Tuesday, June 17, 2014

LUPUS: Day 31, No Medication

Day 31 with no medication. I feel like it would be easier to die. There’s not a single joint or muscle in my body that doesn't hurt. I don’t mean discomfort…I mean pain. Holding my cane, grabbing a pen, trying to stand or walk, they all kill. Joint pain in places I had no idea there were joints. My knees are shot. My mind us mush. I try to eat and I get sick. I walk around with blood shot eyes due to the dry heaves and force behind the retching. I’m exhausted of it all. Tired of the pain, tired of the wait, tired of hearing I look well…I’m freaking tired. I've asked for pain medication to at least help me through this part of it and nothing. Chest pain. Who cares? Chest tightness. Who cares? Elevated diastolic pressure. Who the f cares?


I try to keep my head high and keep a positive disposition about it all but managing all of this is exhausting. I literally play mind games with myself just to try and accomplish things that need to be done. Nothing helps. I feel for my co-workers. I know in my heart of hearts that there is something I am supposed to be learning and perhaps teaching through all of this. I pray and meditate for something to keep me upbeat and in good form but it seems I am needing to search for clues as to the direction I am to go. As of now…it’s down. 

Sunday, June 15, 2014

LUPUS: 30 Days No Medication

Not quite sure what happened. I had a couple of days where I was feeling better, Thursday I managed to make it to the gym for a simple and light workout, by Friday morning my mobility started to deplete again. As the weekend has gone on the joint pain and inflammation has increased and even typing is painful. I managed to make it to church today and have been in bed since I got home. I've been in and out of sleep with an overall sense of malaise. I only wish I had a better understanding as to these feelings and flare-ups. When every movement, even of the eyes, is painful...you begin to question everything.

Wednesday, June 11, 2014

LUPUS: Day 26, No Medication.

LUPUS: Day 26, No Medication. This is still proving to be an interesting ride. While some things have seemed to calm down a little, others have not, and some have popped up that were quiet.

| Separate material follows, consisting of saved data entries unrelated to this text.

(* Let $c>0$ be a constant. Let $G=(V,E,L)$ be a graph with loops and suppose $V^+:=\{i\in V:\{i,i\}\in L^+\}\subseteq S$, where $S$ is a stable set of $(V,E)$ with $|V\setminus S|\le c\log|V|$. Then $\mathrm{QP}(G)$ has an SOC-representable formulation whose numbers of variables and constraints are bounded by a polynomial in $|V|$ (whose degree depends only on $c$).
   Context: A graph with loops is $G=(V,E,L)$: $V$ finite node set, $E$ a set of unordered pairs of distinct nodes, $L$ a set of loops $\{i,i\}$ partitioned as $L=L^-\cup L^+$ (minus/plus loops). $\mathrm{QP}(G):=\mathrm{conv}\{z\in\mathbb{R}^{V\cup E\cup L}: z_{ii}\ge z_i^2\ \forall\{i,i\}\in L^+,\ z_{ii}\le z_i^2\ \forall \{i,i\}\in L^-,\ z_{ij}=z_iz_j\ \forall \{i,j\}\in E,\ z_i\in[0,1]\ \forall i\in V\}$. A convex set is SOC-representable if it is the projection of a set described by finitely many linear constraints and (rotated) second-order cone constraints composed with affine maps. *)

theory Defs
  imports "HOL-Analysis.Analysis" "HOL-Computational_Algebra.Polynomial"
begin

definition conv_fun :: "('i \<Rightarrow> real) set \<Rightarrow> ('i \<Rightarrow> real) set" where
  "conv_fun X = {y. \<exists>(n::nat) (u::nat \<Rightarrow> real) (x::nat \<Rightarrow> ('i \<Rightarrow> real)).
      (\<forall>k<n. 0 \<le> u k \<and> x k \<in> X) \<and> (\<Sum>k<n. u k) = 1 \<and>
      y = (\<lambda>i. \<Sum>k<n. u k * x k i)}"

text \<open>The original variables are indexed by a finite set I (points are functions
 vanishing outside I); there are p auxiliary variables w 0, ..., w (p-1).
 An affine form is given by coefficients on x, coefficients on w, and a constant.\<close>

type_synonym 'i affform = "('i \<Rightarrow> real) \<times> (nat \<Rightarrow> real) \<times> real"

definition aff_eval :: "'i set \<Rightarrow> nat \<Rightarrow> 'i affform \<Rightarrow> ('i \<Rightarrow> real) \<Rightarrow> (nat \<Rightarrow> real) \<Rightarrow> real" where
  "aff_eval I p f x w = (case f of (a, b, c) \<Rightarrow> (\<Sum>i\<in>I. a i * x i) + (\<Sum>j<p. b j * w j) + c)"

datatype 'i soc_constr =
    LinIneq "'i affform"
  | SOC "'i affform list" "'i affform"
  | RSOC "'i affform list" "'i affform" "'i affform"

fun soc_sat :: "'i set \<Rightarrow> nat \<Rightarrow> 'i soc_constr \<Rightarrow> ('i \<Rightarrow> real) \<Rightarrow> (nat \<Rightarrow> real) \<Rightarrow> bool" where
  "soc_sat I p (LinIneq f) x w = (0 \<le> aff_eval I p f x w)"
| "soc_sat I p (SOC gs t) x w =
     (sqrt (\<Sum>g\<leftarrow>gs. (aff_eval I p g x w)\<^sup>2) \<le> aff_eval I p t x w)"
| "soc_sat I p (RSOC gs u v) x w =
     ((\<Sum>g\<leftarrow>gs. (aff_eval I p g x w)\<^sup>2) \<le> 2 * aff_eval I p u x w * aff_eval I p v x w
      \<and> 0 \<le> aff_eval I p u x w \<and> 0 \<le> aff_eval I p v x w)"

definition soc_rep :: "'i set \<Rightarrow> nat \<Rightarrow> nat \<Rightarrow> ('i \<Rightarrow> real) set \<Rightarrow> bool" where
  "soc_rep I nv nc X \<longleftrightarrow> (\<exists>(p::nat) (cs::'i soc_constr list).
      card I + p \<le> nv \<and> length cs \<le> nc \<and>
      X = {x. (\<forall>k. k \<notin> I \<longrightarrow> x k = 0) \<and>
              (\<exists>w. \<forall>con\<in>set cs. soc_sat I p con x w)})"

text \<open>Nodes V, edges E (unordered pairs of distinct nodes), minus loops Lm and
 plus loops Lp (loops {i,i}, which as HOL sets equal {i}).\<close>

definition graph_with_loops :: "'a set \<Rightarrow> 'a set set \<Rightarrow> 'a set set \<Rightarrow> 'a set set \<Rightarrow> bool" where
  "graph_with_loops V E Lm Lp \<longleftrightarrow> finite V \<and>
     (\<forall>e\<in>E. \<exists>i j. i \<in> V \<and> j \<in> V \<and> i \<noteq> j \<and> e = {i, j}) \<and>
     (\<forall>l\<in>Lm \<union> Lp. \<exists>i\<in>V. l = {i, i}) \<and> Lm \<inter> Lp = {}"

definition stable_set :: "'a set \<Rightarrow> 'a set set \<Rightarrow> 'a set \<Rightarrow> bool" where
  "stable_set V E S \<longleftrightarrow> S \<subseteq> V \<and> (\<forall>i\<in>S. \<forall>j\<in>S. {i, j} \<notin> E)"

datatype 'a coord = Node 'a | Pair "'a set"
(* Let $d\ge2$ and $\overrightarrow{w}\in(0,\infty)^d$ with $w_1=\max\{w_1,\dots,w_d\}$ and $2w_1>\sum_{i=1}^dw_i$. Then for every random vector $\overrightarrow{U}=(U_1,\dots,U_d)$ with uniform$[0,1]$ marginals, $$l(\overrightarrow{w})\le\mathrm{Var}\left(\sum_{i=1}^dw_iU_i\right),$$ with equality if and only if $\overrightarrow{U}$ is $\overrightarrow{w^*}$-CM. Moreover, there exists such a $\overrightarrow{U}$ attaining equality.
   Context: A random vector $\overrightarrow{U}=(U_1,\dots,U_d)$ with each $U_i$ uniform on $[0,1]$ is $\overrightarrow{v}$-CM (for $\overrightarrow{v}\in(0,\infty)^d$) if $P\left(\sum_{i=1}^d v_iU_i=\frac12\sum_{i=1}^d v_i\right)=1$. For $\overrightarrow{w}\in(0,\infty)^d$, define $\overrightarrow{w^*}=(w_1^*,\dots,w_d^* )$ by $w_i^*=w_i$ if $2w_i\le\sum_{j=1}^dw_j$ and $w_i^*=\sum_{j=1}^dw_j-w_i$ if $2w_i>\sum_{j=1}^dw_j$; and define $l(\overrightarrow{w})=\frac1{12}\left[\left(2\max\{w_1,\dots,w_d\}-\sum_{i=1}^dw_i\right)_+\right]^2$, where $x_+=\max\{x,0\}$. *)

theory Defs
  imports "HOL-Probability.Probability"
begin

text \<open>Vectors in (0,oo)^d are represented as functions nat => real, components
  indexed 0..d-1 (so w_1 of the paper is w 0).\<close>

definition unif01 :: "'a measure \<Rightarrow> ('a \<Rightarrow> real) \<Rightarrow> bool" where
  "unif01 M X \<longleftrightarrow> X \<in> borel_measurable M \<and>
     distr M borel X = uniform_measure lborel {0..1}"
(* Let $\mathscr{D}(\mathbb{D})$ be the Dirichlet space of the unit disc. A linear map $R:\mathscr{D}(\mathbb{D})\to\mathscr{D}(\mathbb{D})$ is a bounded radial operator if and only if there exists a distribution $u\in\mathcal{D}'(\mathbb{T})$ with $(\hat u(m))_{m\in\mathbb{Z}_+}\in\ell^\infty(\mathbb{Z}_+)$ which induces an analytic function $g$ on $\mathbb{D}$ such that $$Rf(z)=\hat u(0)f(0)+z\int_{\mathbb{D}}f'(w)\,g'(z\bar w)\,dA(w)\quad\text{for all } f\in\mathscr{D}(\mathbb{D}),\ z\in\mathbb{D}.$$
   Context: $\mathbb{D}$ is the open unit disc, $dA$ the normalized area measure on $\mathbb{D}$, $\mathbb{Z}_+=\{0,1,2,\dots\}$. $\mathscr{D}(\mathbb{D})$ is the Hilbert space of holomorphic $f$ on $\mathbb{D}$ with $\|f\|^2=|f(0)|^2+\int_{\mathbb{D}}|f'|^2dA<\infty$; here $\|z^m\|^2=m$ for $m\ge1$ and $\|1\|=1$. For $\lambda\in\mathbb{T}=\{|\lambda|=1\}$, $V_\lambda f(z)=f(\lambda z)$; a bounded $R$ is radial if $RV_\lambda=V_\lambda R$ for all $\lambda\in\mathbb{T}$. $\mathcal{D}'(\mathbb{T})$ is the space of periodic distributions with Fourier coefficients $\hat u(m)$, $m\in\mathbb{Z}$. Induced functions are defined as for weighted Bergman spaces with the Dirichlet norm: for $0\le r<1$, $K_r$ is the distribution $\sum_{m\ge0}\|z^m\|^{-2}r^me^{im\theta}$, and $g$ is induced by $u$ if for every $r\in[0,1)$, $\theta\mapsto g(re^{i\theta})$ is the sum of the Fourier series of $K_r*u$, i.e. $g(z)=\sum_{m\ge0}\hat u(m)\|z^m\|^{-2}z^m$. *)

theory Defs
  imports "HOL-Analysis.Analysis"
begin

abbreviation disc :: "complex set" where "disc \<equiv> ball 0 1"

text \<open>Elements of the Dirichlet space are represented by holomorphic functions on the disc,
  normalised to be 0 outside the disc (so that equality of elements is equality of functions).\<close>
definition dirichlet_space :: "(complex \<Rightarrow> complex) set" where
  "dirichlet_space = {f. f holomorphic_on disc \<and> (\<forall>z. z \<notin> disc \<longrightarrow> f z = 0) \<and>
      set_integrable lborel disc (\<lambda>z. (cmod (deriv f z))\<^sup>2)}"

I've been pushing myself to walk without a cane and although painful, I've managed to get my wobbly ass around for the last two days. A little slower, especially at the start, but I’m movin J. The muscle and joint weakness still persist along with pain but I can tell my mind has worked out ways around it so that I’m not so focused on it. Of course the neuropathy in my hands and feet continue but I've been listening a lot more to my body so that has helped. My appetite is still pretty poor but I've been trying to remind myself to eat a little something even when I don’t feel hungry, especially since I've been told I look like I’m losing weight. I’m sure the vomiting that often accompanies my Lupus has more to do with that. My least favorite thing is to throw up. LEAST.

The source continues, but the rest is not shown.